CC/13/179 Declarations of Interest A standing general declaration of interest was acknowledged in respect of:

(i) All participants who have provider contract(s) with the PCT. (ii) All participants with membership of Nottingham Emergency Medical

Services.

CC/13/180 Minutes from the previous meeting The Notes from the meeting held on 7 February 2013 were agreed as an accurate record.

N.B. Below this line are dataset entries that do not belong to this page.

(* Let $P$ be a continuous $L$-ordered set. Then $({\rm pt}_L\sigma_L(P),{\rm sub}_{\sigma_L(P)})$, together with the map $\eta_P:P\to{\rm pt}_L\sigma_L(P)$, $x\mapsto[x]$, is a directed completion of $P$.
   Context: $L$ is a frame with implication $\to$. $L$-subsets of $X$ are maps $X\to L$; nonempty means $\bigvee_xA(x)=1$; ${\rm sub}_X(A,B)=\bigwedge_xA(x)\to B(x)$; $f^\rightarrow(A)(y)=\bigvee_{f(x)=y}A(x)$. An $L$-order on $P$: $e:P\times P\to L$ with $e(x,x)=1$, $e(x,y)\wedge e(y,z)\le e(x,z)$, $e(x,y)\wedge e(y,x)=1\Rightarrow x=y$. ${\downarrow}y(x)=e(x,y)$. $x=\sqcup A$ if $e(x,y)={\rm sub}_P(A,{\downarrow}y)$ for all $y$. Directed: nonempty and $D(x)\wedge D(y)\le\bigvee_zD(z)\wedge e(x,z)\wedge e(y,z)$; ideal = directed lower set. $L$-dcpo: every directed $L$-subset has a supremum. Scott continuous $f$: for each directed $D$ with a supremum, $f^\rightarrow(D)$ has a supremum equal to $f(\sqcup D)$. ${\Downarrow}x(y)=\bigwedge\{e(x,\sqcup I)\to I(y): I\text{ ideal with a supremum}\}$; $P$ is a continuous $L$-ordered set if each ${\Downarrow}x$ is directed with supremum $x$; a continuous $L$-dcpo is a continuous $L$-ordered set that is an $L$-dcpo. $\sigma_L(P)$ (Scott $L$-topology) is the set of $A\in L^P$ that are upper sets ($A(x)\wedge e(x,y)\le A(y)$) with $A(\sqcup D)=\bigvee_xA(x)\wedge D(x)$ for every directed $D$ having a supremum. ${\rm pt}_L\sigma_L(P)$ is the set of maps $p:\sigma_L(P)\to L$ preserving binary meets and arbitrary joins and with $p(\lambda_P)=\lambda$ for every constant $\lambda_P$; it is $L$-ordered by ${\rm sub}_{\sigma_L(P)}(p,q)=\bigwedge_{A\in\sigma_L(P)}p(A)\to q(A)$. $[x](A)=A(x)$. A directed completion of a continuous $L$-ordered set $P$ is a continuous $L$-dcpo $Q$ with a Scott continuous $j:P\to Q$ such that for every continuous $L$-dcpo $M$ and Scott continuous $f:P\to M$ there is a unique Scott continuous $\bar f:Q\to M$ with $\bar f\circ j=f$. *)

theory Defs
  imports Main
begin

class frame = complete_lattice +
  assumes inf_Sup_frame: "inf a (Sup S) = Sup ((\<lambda>b. inf a b) ` S)"

definition limp :: "'l::frame \<Rightarrow> 'l \<Rightarrow> 'l" where
  "limp a b = Sup {c. inf c a \<le> b}"

definition Lnonempty :: "'a set \<Rightarrow> ('a \<Rightarrow> 'l::frame) \<Rightarrow> bool" where
  "Lnonempty X A \<longleftrightarrow> (SUP x\<in>X. A x) = top"

definition Lsub :: "'a set \<Rightarrow> ('a \<Rightarrow> 'l::frame) \<Rightarrow> ('a \<Rightarrow> 'l) \<Rightarrow> 'l" where
  "Lsub X A B = (INF x\<in>X. limp (A x) (B x))"

definition Limg :: "'a set \<Rightarrow> ('a \<Rightarrow> 'b) \<Rightarrow> ('a \<Rightarrow> 'l::frame) \<Rightarrow> 'b \<Rightarrow> 'l" where
  "Limg X f A y = (SUP x\<in>{x\<in>X. f x = y}. A x)"

definition Lorder :: "'a set \<Rightarrow> ('a \<Rightarrow> 'a \<Rightarrow> 'l::frame) \<Rightarrow> bool" where
  "Lorder X e \<longleftrightarrow>
     (\<forall>x\<in>X. e x x = top) \<and>
     (\<forall>x\<in>X. \<forall>y\<in>X. \<forall>z\<in>X. inf (e x y) (e y z) \<le> e x z) \<and>
     (\<forall>x\<in>X. \<forall>y\<in>X. inf (e x y) (e y x) = top \<longrightarrow> x = y)"

definition Ldown :: "('a \<Rightarrow> 'a \<Rightarrow> 'l::frame) \<Rightarrow> 'a \<Rightarrow> 'a \<Rightarrow> 'l" where
  "Ldown e y = (\<lambda>x. e x y)"

definition is_Lsup :: "'a set \<Rightarrow> ('a \<Rightarrow> 'a \<Rightarrow> 'l::frame) \<Rightarrow> ('a \<Rightarrow> 'l) \<Rightarrow> 'a \<Rightarrow> bool" where
  "is_Lsup X e A x \<longleftrightarrow> x \<in> X \<and> (\<forall>y\<in>X. e x y = Lsub X A (Ldown e y))"

definition Ldirected :: "'a set \<Rightarrow> ('a \<Rightarrow> 'a \<Rightarrow> 'l::frame) \<Rightarrow> ('a \<Rightarrow> 'l) \<Rightarrow> bool" where
  "Ldirected X e D \<longleftrightarrow> Lnonempty X D \<and>
     (\<forall>x\<in>X. \<forall>y\<in>X. inf (D x) (D y) \<le> (SUP z\<in>X. inf (D z) (inf (e x z) (e y z))))"

definition Llower :: "'a set \<Rightarrow> ('a \<Rightarrow> 'a \<Rightarrow> 'l::frame) \<Rightarrow> ('a \<Rightarrow> 'l) \<Rightarrow> bool" where
  "Llower X e A \<longleftrightarrow> (\<forall>x\<in>X. \<forall>y\<in>X. inf (A x) (e y x) \<le> A y)"
lemma comp_mem_Col:
  assumes A: "A \<in> Grp (Alg F)" and T: "T \<in> G"
  shows "A \<circ> T \<in> Col F"
proof -
  have A': "cblin A" "bij A" "cblin (inv A)" "\<forall>M\<in>F. A ` M = M"
    using A by (simp_all add: Grp_Alg_iff)
  have AT: "(A \<circ> T) ` M = A ` T ` M" for M
    by (simp only: image_comp)
  have "(A \<circ> T) ` M \<in> F \<longleftrightarrow> M \<in> F" for M
  proof
    assume "M \<in> F"
    then show "(A \<circ> T) ` M \<in> F"
      unfolding AT using A'(4) preserves[OF T] by simp
  next
    assume AM: "(A \<circ> T) ` M \<in> F"
    then have "T ` M = inv A ` (A \<circ> T) ` M"
      unfolding AT using A'(2) by (simp add: bij_is_inj image_inv_f_f)
    also have "\<dots> = (A \<circ> T) ` M"
      using A'(4) AM by (intro bij_image_inv_eq[OF A'(2)]) blast
    finally have "T ` M = (A \<circ> T) ` M" .
    then show "M \<in> F"
      using AM preserves_iff[OF T] by metis
  qed
  then show ?thesis
    using A' cblin[OF T] bij[OF T] inv_mem[OF T] cblin[OF inv_mem[OF T]]
    by (simp add: Col_def cblin_comp bij_comp o_inv_distrib)
qed

end
lemma norm_has_svd_tail_le:
  assumes F: "has_svd F m \<sigma> p q"
  shows "norm (F (orth_proj p {k..<m} x)) \<le> \<sigma> k * norm (orth_proj p {k..<m} x)"
proof -
  have I: "{k..<m} \<subseteq> {..<m}" by auto
  have "(norm (F (orth_proj p {k..<m} x)))\<^sup>2 \<le> (\<Sum>i\<in>{k..<m}. (\<sigma> k)\<^sup>2 * (p i \<bullet> x)\<^sup>2)"
    unfolding norm_has_svd_orth_proj_sq[OF F I]
    by (intro sum_mono mult_right_mono power_mono) (auto intro: has_svdD(3,4)[OF F])
  also have "\<dots> = (\<sigma> k)\<^sup>2 * (norm (orth_proj p {k..<m} x))\<^sup>2"
    by (simp add: norm_orth_proj_sq[OF has_svdD(1)[OF F] I] sum_distrib_left)
  also have "\<dots> = (\<sigma> k * norm (orth_proj p {k..<m} x))\<^sup>2"
    by (rule power_mult_distrib[symmetric])
  finally show ?thesis
    by (rule power2_le_imp_le) (simp add: has_svdD(4)[OF F])
qed

lemma norm_has_svd_head_ge:
  assumes F: "has_svd F m \<sigma> p q" and "k \<le> m"
  shows "\<sigma> (k - 1) * norm (orth_proj p {..<k} x) \<le> norm (F (orth_proj p {..<k} x))"
proof -
  have I: "{..<k} \<subseteq> {..<m}" using \<open>k \<le> m\<close> by auto
  have "(\<sigma> (k - 1) * norm (orth_proj p {..<k} x))\<^sup>2 = (\<sigma> (k - 1))\<^sup>2 * (norm (orth_proj p {..<k} x))\<^sup>2"
    by (rule power_mult_distrib)
  also have "\<dots> = (\<Sum>i<k. (\<sigma> (k - 1))\<^sup>2 * (p i \<bullet> x)\<^sup>2)"
    by (simp add: norm_orth_proj_sq[OF has_svdD(1)[OF F] I] sum_distrib_left)
  also have "\<dots> \<le> (norm (F (orth_proj p {..<k} x)))\<^sup>2"
    unfolding norm_has_svd_orth_proj_sq[OF F I]
    by (intro sum_mono mult_right_mono power_mono) (auto intro: has_svdD(3,4)[OF F])
  finally show ?thesis by (rule power2_le_imp_le) simp
qed

definition svd_adjoint ::
    "nat \<Rightarrow> (nat \<Rightarrow> real) \<Rightarrow> (nat \<Rightarrow> 'a::real_inner) \<Rightarrow> (nat \<Rightarrow> 'b::real_inner) \<Rightarrow> 'b \<Rightarrow> 'a"
  where "svd_adjoint m \<sigma> p q y = (\<Sum>i<m. (\<sigma> i * (q i \<bullet> y)) *\<^sub>R p i)"

lemma has_svd_svd_adjoint: "has_svd F m \<sigma> p q \<Longrightarrow> has_svd (svd_adjoint m \<sigma> p q) m \<sigma> q p"
  unfolding has_svd_def svd_adjoint_def by simp

lemma inner_svd_adjoint: "has_svd F m \<sigma> p q \<Longrightarrow> svd_adjoint m \<sigma> p q y \<bullet> x = y \<bullet> F x"
  unfolding svd_adjoint_def has_svd_def
  by (simp add: inner_sum_left inner_sum_right inner_commute mult.commute mult.left_commute)

lemma svd_weyl:
  fixes F F' :: "'a::euclidean_space \<Rightarrow> 'b::real_inner"
  assumes F: "has_svd F m \<sigma> p q" and F': "has_svd F' m \<sigma>' p' q'"
    and E: "\<And>x. norm (F x - F' x) \<le> e * norm x" and "0 \<le> e"
  shows "\<sigma> k \<le> \<sigma>' k + e"
proof (cases "k < m")
  case False
  then show ?thesis using has_svdD(4,5)[OF F] has_svdD(4)[OF F'] \<open>0 \<le> e\<close> by (simp add: add_nonneg_nonneg)
next
  case True
  have p: "orthonormal_upto (Suc k) p"
    using True by (intro orthonormal_upto_mono[OF has_svdD(1)[OF F]]) simp
  obtain z where z: "z \<in> span (p ` {..<Suc k})" "z \<noteq> 0" and orth: "\<And>i. i < k \<Longrightarrow> p' i \<bullet> z = 0"
    using exists_orthogonal_in_span[OF p lessI] by blast
  have "F' z = (\<Sum>i\<in>{k..<m}. (\<sigma>' i * (p' i \<bullet> z)) *\<^sub>R q' i)"
    unfolding has_svdD(6)[OF F'] by (rule sum.mono_neutral_right) (auto simp: orth)
  also have "\<dots> = F' (orth_proj p' {k..<m} z)"
    by (rule has_svd_orth_proj[OF F', symmetric]) auto
  finally have F'z: "F' z = F' (orth_proj p' {k..<m} z)" .
  have "norm (F' z) \<le> \<sigma>' k * norm (orth_proj p' {k..<m} z)"
    unfolding F'z by (rule norm_has_svd_tail_le[OF F'])
  also have "\<dots> \<le> \<sigma>' k * norm z"
    by (intro mult_left_mono norm_orth_proj_le[OF has_svdD(1)[OF F']] has_svdD(4)[OF F']) auto
  finally have upper: "norm (F' z) \<le> \<sigma>' k * norm z" .
  have "\<sigma> k * norm z \<le> norm (F z)"
    using norm_has_svd_head_ge[OF F, of "Suc k" z] True orth_proj_span[OF p order.refl z(1)] by simp
  also have "\<dots> \<le> norm (F' z) + norm (F z - F' z)"
    by (rule norm_triangle_sub)
  also have "\<dots> \<le> \<sigma>' k * norm z + e * norm z"
    using upper E[of z] by (rule add_mono)
  finally have "\<sigma> k * norm z \<le> (\<sigma>' k + e) * norm z"
    by (simp add: algebra_simps)
  then show ?thesis using z(2) by (simp add: mult_le_cancel_right_pos)
qed

lemma sin_theta_coupling:
  assumes F: "has_svd F m \<sigma> p q" and F': "has_svd F' m \<sigma>' p' q'"
    and E: "\<And>x. norm (F x - F' x) \<le> e * norm x" and "0 \<le> e" and "r \<le> m"
  shows "\<sigma> (r - 1) * onorm (\<lambda>x. orth_proj p {..<r} (orth_proj p' {r..<m} x))
    \<le> onorm (\<lambda>y. orth_proj q {..<r} (orth_proj q' {r..<m} y)) * \<sigma>' r + e"
proof -
  let ?PT = "orth_proj p {..<r}" and ?PB' = "orth_proj p' {r..<m}"
  let ?QT = "orth_proj q {..<r}" and ?QB' = "orth_proj q' {r..<m}"
  define b where "b = onorm (\<lambda>y. ?QT (?QB' y))"
  have T: "{..<r} \<subseteq> {..<m}" and B: "{r..<m} \<subseteq> {..<m}" using \<open>r \<le> m\<close> by auto
  have bl: "bounded_linear (\<lambda>y. ?QT (?QB' y))"
    by (rule bounded_linear_compose[OF bounded_linear_orth_proj bounded_linear_orth_proj])
  have "0 \<le> b" unfolding b_def by (rule onorm_pos_le[OF bl])
  have pointwise: "\<sigma> (r - 1) * norm (?PT (?PB' z)) \<le> (b * \<sigma>' r + e) * norm z" for z
  proof -
    define w where "w = ?PB' z"
    have "norm w \<le> norm z" unfolding w_def by (rule norm_orth_proj_le[OF has_svdD(1)[OF F'] B])
    have F'w: "F' w = ?QB' (F' w)"
      unfolding w_def has_svd_orth_proj_commute[OF F' B] orth_proj_idem[OF has_svdD(2)[OF F'] B] ..
    have "\<sigma> (r - 1) * norm (?PT w) \<le> norm (F (?PT w))"
      by (rule norm_has_svd_head_ge[OF F \<open>r \<le> m\<close>])
    also have "F (?PT w) = ?QT (F' w) + ?QT (F w - F' w)"
      by (simp add: has_svd_orth_proj_commute[OF F T] linear_diff[OF linear_orth_proj])
    also have "norm \<dots> \<le> norm (?QT (?QB' (F' w))) + norm (F w - F' w)"
      using norm_triangle_ineq norm_orth_proj_le[OF has_svdD(2)[OF F] T] F'w
      by (metis add_left_mono order.trans)
    also have "\<dots> \<le> b * norm (F' w) + e * norm w"
      using onorm[OF bl] E unfolding b_def by (rule add_mono)
    also have "\<dots> \<le> b * (\<sigma>' r * norm w) + e * norm w"
      using norm_has_svd_tail_le[OF F', of r z] F'w \<open>0 \<le> b\<close> unfolding w_def
      by (simp add: orth_proj_idem[OF has_svdD(1)[OF F'] B] mult_left_mono)
    also have "\<dots> \<le> b * (\<sigma>' r * norm z) + e * norm z"
      using \<open>norm w \<le> norm z\<close> \<open>0 \<le> b\<close> \<open>0 \<le> e\<close> has_svdD(4)[OF F']
      by (intro add_mono mult_left_mono) auto
    also have "\<dots> = (b * \<sigma>' r + e) * norm z"
      by (simp add: algebra_simps)
    finally show ?thesis unfolding w_def .
  qed
  show ?thesis
  proof (cases "\<sigma> (r - 1) = 0")
    case True
    then show ?thesis using \<open>0 \<le> b\<close> \<open>0 \<le> e\<close> has_svdD(4)[OF F'] unfolding b_def by simp
  next
    case False
    then have pos: "0 < \<sigma> (r - 1)" using has_svdD(4)[OF F] by (simp add: order_less_le)
    have "onorm (\<lambda>x. ?PT (?PB' x)) \<le> (b * \<sigma>' r + e) / \<sigma> (r - 1)"
      using pointwise pos \<open>0 \<le> b\<close> \<open>0 \<le> e\<close> has_svdD(4)[OF F']
      by (intro onorm_bound) (simp_all add: field_simps)
    then show ?thesis using pos unfolding b_def by (simp add: field_simps)
  qed
qed
lemma dual_group_separates:
  fixes \<xi> :: "'x::linordered_ab_group_add"
  assumes "\<xi> \<noteq> 0"
  obtains \<gamma> where "\<gamma> \<in> dual_group" "\<gamma> \<xi> \<noteq> 1"
proof -
  obtain f :: "'x \<Rightarrow> real" where f: "\<And>x y. f (x + y) = f x + f y" "f \<xi> = 1"
    using exists_additive_real_fun[OF assms] by blast
  define \<gamma> where "\<gamma> x = exp (\<i> * complex_of_real (f x))" for x
  have "\<gamma> \<in> dual_group"
    unfolding dual_group_def \<gamma>_def by (auto simp: f(1) distrib_left exp_add norm_exp_i_times)
  moreover have "\<gamma> \<xi> \<noteq> 1"
    unfolding \<gamma>_def f(2) using exp_i_neq_1 by simp
  ultimately show ?thesis
    using that by blast
qed

lemma dual_group_add: "\<omega> \<in> dual_group \<Longrightarrow> \<omega> (a + b) = \<omega> a * \<omega> b"
  unfolding dual_group_def by blast

lemma dual_group_norm: "\<omega> \<in> dual_group \<Longrightarrow> cmod (\<omega> a) = 1"
  unfolding dual_group_def by blast

lemma dual_group_zero: "\<omega> \<in> dual_group \<Longrightarrow> \<omega> 0 = 1"
  using dual_group_add[of \<omega> 0 0] dual_group_norm[of \<omega> 0] by (metis add_0 mult_cancel_left2 norm_zero zero_neq_one)

lemma dual_group_mult_cnj: "\<omega> \<in> dual_group \<Longrightarrow> \<omega> a * cnj (\<omega> a) = 1"
  using dual_group_norm[of \<omega> a] by (metis complex_norm_square of_real_1 power_one)

lemma dual_group_uminus: "\<omega> \<in> dual_group \<Longrightarrow> \<omega> (- a) = cnj (\<omega> a)"
  using dual_group_add[of \<omega> a "- a"] dual_group_zero[of \<omega>] dual_group_mult_cnj[of \<omega> a]
  by (metis add.right_inverse mult.commute mult_1_left mult.assoc)

lemma dual_group_diff: "\<omega> \<in> dual_group \<Longrightarrow> \<omega> (a - b) = \<omega> a * cnj (\<omega> b)"
  using dual_group_add[of \<omega> a "- b"] dual_group_uminus[of \<omega> b] by simp

section \<open>Square-summable functions on the group\<close>

lemma norm_add_squared_le:
  fixes a b :: "'a::real_normed_vector"
  shows "(norm (a + b))\<^sup>2 \<le> 2 * (norm a)\<^sup>2 + 2 * (norm b)\<^sup>2"
proof -
  have "(norm (a + b))\<^sup>2 \<le> (norm a + norm b)\<^sup>2"
    by (simp add: norm_triangle_ineq power_mono)
  also have "\<dots> \<le> 2 * (norm a)\<^sup>2 + 2 * (norm b)\<^sup>2"
    using zero_le_power2[of "norm a - norm b"] by (simp add: power2_eq_square algebra_simps)
  finally show ?thesis .
qed

definition l2 :: "('x \<Rightarrow> complex) set" where
  "l2 = {g. (\<lambda>\<xi>. (cmod (g \<xi>))\<^sup>2) summable_on UNIV}"

lemma l2_plus_iff: "g \<in> l2_plus \<longleftrightarrow> (\<forall>\<xi>. \<not> 0 \<le> \<xi> \<longrightarrow> g \<xi> = 0) \<and> g \<in> l2"
  unfolding l2_plus_def l2_def by blast

lemma l2_plus_imp_l2: "g \<in> l2_plus \<Longrightarrow> g \<in> l2"
  unfolding l2_plus_iff by blast

lemma l2_finite_sum_le: "g \<in> l2 \<Longrightarrow> finite F \<Longrightarrow> (\<Sum>\<xi>\<in>F. (cmod (g \<xi>))\<^sup>2) \<le> (\<Sum>\<^sub>\<infinity>\<xi>. (cmod (g \<xi>))\<^sup>2)"
  unfolding l2_def by (intro finite_sum_le_infsum) auto

lemma l2_finite_sums_bounded:
  assumes "\<And>F. finite F \<Longrightarrow> (\<Sum>\<xi>\<in>F. (cmod (g \<xi>))\<^sup>2) \<le> B"
  shows "g \<in> l2" "(\<Sum>\<^sub>\<infinity>\<xi>. (cmod (g \<xi>))\<^sup>2) \<le> B"
proof -
  show l2: "g \<in> l2"
    unfolding l2_def
    by (rule CollectI, rule nonneg_bdd_above_summable_on) (auto intro!: bdd_aboveI[where M = B] assms)
  show "(\<Sum>\<^sub>\<infinity>\<xi>. (cmod (g \<xi>))\<^sup>2) \<le> B"
    by (rule infsum_le_finite_sums) (use l2 assms in \<open>auto simp: l2_def\<close>)
qed

lemma l2_infsum_nonneg: "0 \<le> (\<Sum>\<^sub>\<infinity>\<xi>. (cmod (g \<xi>))\<^sup>2)"
  by (rule infsum_nonneg) auto

lemma l2_norm_squared: "(l2_norm g)\<^sup>2 = (\<Sum>\<^sub>\<infinity>\<xi>. (cmod (g \<xi>))\<^sup>2)"
  unfolding l2_norm_def using l2_infsum_nonneg by simp

lemma l2_norm_nonneg: "0 \<le> l2_norm g"
  unfolding l2_norm_def using l2_infsum_nonneg by simp

lemma norm_le_l2_norm:
  assumes "g \<in> l2"
  shows "cmod (g \<xi>) \<le> l2_norm g"
proof -
  have "(cmod (g \<xi>))\<^sup>2 \<le> (\<Sum>\<^sub>\<infinity>\<xi>. (cmod (g \<xi>))\<^sup>2)"
    using l2_finite_sum_le[OF assms, of "{\<xi>}"] by simp
  then show ?thesis
    unfolding l2_norm_def by (simp add: real_le_rsqrt)
qed

lemma l2_norm_le:
  assumes "\<And>F. finite F \<Longrightarrow> (\<Sum>\<xi>\<in>F. (cmod (g \<xi>))\<^sup>2) \<le> B\<^sup>2" "0 \<le> B"
  shows "l2_norm g \<le> B"
proof -
  have "sqrt (\<Sum>\<^sub>\<infinity>\<xi>. (cmod (g \<xi>))\<^sup>2) \<le> sqrt (B\<^sup>2)"
    using l2_finite_sums_bounded(2)[OF assms(1)] by (rule real_sqrt_le_mono)
  then show ?thesis
    unfolding l2_norm_def using assms(2) by simp
qed

lemma l2_norm_cmult:
  assumes "g \<in> l2"
  shows "l2_norm (\<lambda>\<xi>. c * g \<xi>) = cmod c * l2_norm g"
proof -
  have "(\<lambda>\<xi>. (cmod (g \<xi>))\<^sup>2) summable_on UNIV"
    using assms unfolding l2_def by blast
  then have "(\<Sum>\<^sub>\<infinity>\<xi>. (cmod c)\<^sup>2 * (cmod (g \<xi>))\<^sup>2) = (cmod c)\<^sup>2 * (\<Sum>\<^sub>\<infinity>\<xi>. (cmod (g \<xi>))\<^sup>2)"
    by (rule infsum_cmult_right)
  then show ?thesis
    unfolding l2_norm_def by (simp add: norm_mult power_mult_distrib real_sqrt_mult)
qed

lemma l2_linear_comb:
  assumes "f \<in> l2" "g \<in> l2"
  shows "(\<lambda>\<xi>. a * f \<xi> + b * g \<xi>) \<in> l2"
  unfolding l2_def mem_Collect_eq
proof (rule summable_on_comparison_test)
  show "(\<lambda>\<xi>. 2 * (cmod a)\<^sup>2 * (cmod (f \<xi>))\<^sup>2 + 2 * (cmod b)\<^sup>2 * (cmod (g \<xi>))\<^sup>2) summable_on UNIV"
    using assms unfolding l2_def by (intro summable_on_add summable_on_cmult_right) auto
  fix \<xi>
  show "(cmod (a * f \<xi> + b * g \<xi>))\<^sup>2 \<le> 2 * (cmod a)\<^sup>2 * (cmod (f \<xi>))\<^sup>2 + 2 * (cmod b)\<^sup>2 * (cmod (g \<xi>))\<^sup>2"
    using norm_add_squared_le[of "a * f \<xi>" "b * g \<xi>"] by (simp add: norm_mult power_mult_distrib)
qed simp

lemma l2_mult_summable:
  assumes "f \<in> l2" "g \<in> l2"
  shows "(\<lambda>\<eta>. f \<eta> * g \<eta>) summable_on UNIV"
proof (rule abs_summable_summable, rule summable_on_comparison_test)
  show "(\<lambda>\<eta>. (cmod (f \<eta>))\<^sup>2 + (cmod (g \<eta>))\<^sup>2) summable_on UNIV"
    using assms unfolding l2_def by (intro summable_on_add) auto
  fix \<eta>
  have "cmod (f \<eta>) * cmod (g \<eta>) \<le> (cmod (f \<eta>))\<^sup>2 + (cmod (g \<eta>))\<^sup>2"
    using sum_squares_bound[of "cmod (f \<eta>)" "cmod (g \<eta>)"]
      mult_nonneg_nonneg[OF norm_ge_zero norm_ge_zero, of "f \<eta>" "g \<eta>"] by linarith
  then show "cmod (f \<eta> * g \<eta>) \<le> (cmod (f \<eta>))\<^sup>2 + (cmod (g \<eta>))\<^sup>2"
    by (simp add: norm_mult)
qed simp

lemma l2_reflect:
  fixes c :: "'x::ab_group_add \<Rightarrow> complex"
  assumes "c \<in> l2"
  shows "(\<lambda>\<eta>. c (\<xi> - \<eta>)) \<in> l2"
proof -
  have "(\<lambda>\<eta>. (cmod (c (\<xi> - \<eta>)))\<^sup>2) summable_on UNIV \<longleftrightarrow> (\<lambda>\<eta>. (cmod (c \<eta>))\<^sup>2) summable_on UNIV"
    by (rule summable_on_reindex_bij_witness[where i = "\<lambda>\<eta>. \<xi> - \<eta>" and j = "\<lambda>\<eta>. \<xi> - \<eta>"]) simp_all
  then show ?thesis
    using assms unfolding l2_def by simp
qed

lemma conv_summable:
  fixes c :: "'x::ab_group_add \<Rightarrow> complex"
  shows "c \<in> l2 \<Longrightarrow> g \<in> l2 \<Longrightarrow> (\<lambda>\<eta>. c (\<xi> - \<eta>) * g \<eta>) summable_on UNIV"
  by (rule l2_mult_summable[OF l2_reflect])

lemma conv_tendsto:
  assumes "c \<in> l2" "g \<in> l2"
  shows "((\<lambda>F. \<Sum>\<eta>\<in>F. c (\<xi> - \<eta>) * g \<eta>) \<longlongrightarrow> conv c g \<xi>) (finite_subsets_at_top UNIV)"
  using conv_summable[OF assms, of \<xi>] unfolding conv_def summable_iff_has_sum_infsum has_sum_def .

lemma conv_linear_right:
  assumes "c \<in> l2" "f \<in> l2" "g \<in> l2"
  shows "conv c (\<lambda>\<xi>. a * f \<xi> + b * g \<xi>) \<xi> = a * conv c f \<xi> + b * conv c g \<xi>"
proof -
  have "conv c (\<lambda>\<xi>. a * f \<xi> + b * g \<xi>) \<xi>
      = (\<Sum>\<^sub>\<infinity>\<eta>. a * (c (\<xi> - \<eta>) * f \<eta>) + b * (c (\<xi> - \<eta>) * g \<eta>))"
    unfolding conv_def by (simp add: algebra_simps)
  also have "\<dots> = (\<Sum>\<^sub>\<infinity>\<eta>. a * (c (\<xi> - \<eta>) * f \<eta>)) + (\<Sum>\<^sub>\<infinity>\<eta>. b * (c (\<xi> - \<eta>) * g \<eta>))"
    by (intro infsum_add summable_on_cmult_right conv_summable assms)
  also have "\<dots> = a * conv c f \<xi> + b * conv c g \<xi>"
    unfolding conv_def by (simp add: infsum_cmult_right conv_summable assms)
  finally show ?thesis .
qed

lemma conv_linear_left:
  assumes "c \<in> l2" "d \<in> l2" "g \<in> l2"
  shows "conv (\<lambda>\<zeta>. a * c \<zeta> + b * d \<zeta>) g \<xi> = a * conv c g \<xi> + b * conv d g \<xi>"
proof -
  have "conv (\<lambda>\<zeta>. a * c \<zeta> + b * d \<zeta>) g \<xi>
      = (\<Sum>\<^sub>\<infinity>\<eta>. a * (c (\<xi> - \<eta>) * g \<eta>) + b * (d (\<xi> - \<eta>) * g \<eta>))"
    unfolding conv_def by (simp add: algebra_simps)
  also have "\<dots> = (\<Sum>\<^sub>\<infinity>\<eta>. a * (c (\<xi> - \<eta>) * g \<eta>)) + (\<Sum>\<^sub>\<infinity>\<eta>. b * (d (\<xi> - \<eta>) * g \<eta>))"
    by (intro infsum_add summable_on_cmult_right conv_summable assms)
  also have "\<dots> = a * conv c g \<xi> + b * conv d g \<xi>"
    unfolding conv_def by (simp add: infsum_cmult_right conv_summable assms)
  finally show ?thesis .
qed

CC/13/181 Schedule of Actions from previous the meeting CC/13/160 Draft Integrated Business Plan for CHP – HG confirmed that she would circulate the document CC/13/162 Commissioning Outcomes Framework Implementation - Gateway leads are in the process of submitting the information requested CC/13/165 Risk Stratification pilot at East Leake – NFr provided a demo of the Devon tool at the Clinical Cabinet CC/13/166 Review of the NHS Rushcliffe Clinical Assessment Service (CAS) – CL-B will bring further details to a future Clinical Cabinet meeting CC/13/168 IFR Panel – SO provided a financial breakdown as requested and will do so for future Clinical Cabinet meetings CC/13/171 GP Pay – VB noted that there had been three responses to her email – two against and one for. Of those responses received it was agreed there would be no uplift to current payments. CC/13/175 Wound Care – BC was in attendance to provide an update from the LPC. It was noted that some prescribing practices may be adversely affected by these changes and it was felt that more time was needed to explore and understand the impact to support these practices in adapting to the new pathways. The options provided were as follows: -

1. Continue as planned 2. Continue as planned but with more time 3. Don’t proceed at all 4. Complete a pilot and evaluate the benefits

After discussion the Clinical Cabinet decided on option 2. This would allow for the unintended consequences of the new system to be understood and support to be implemented for those practices affected.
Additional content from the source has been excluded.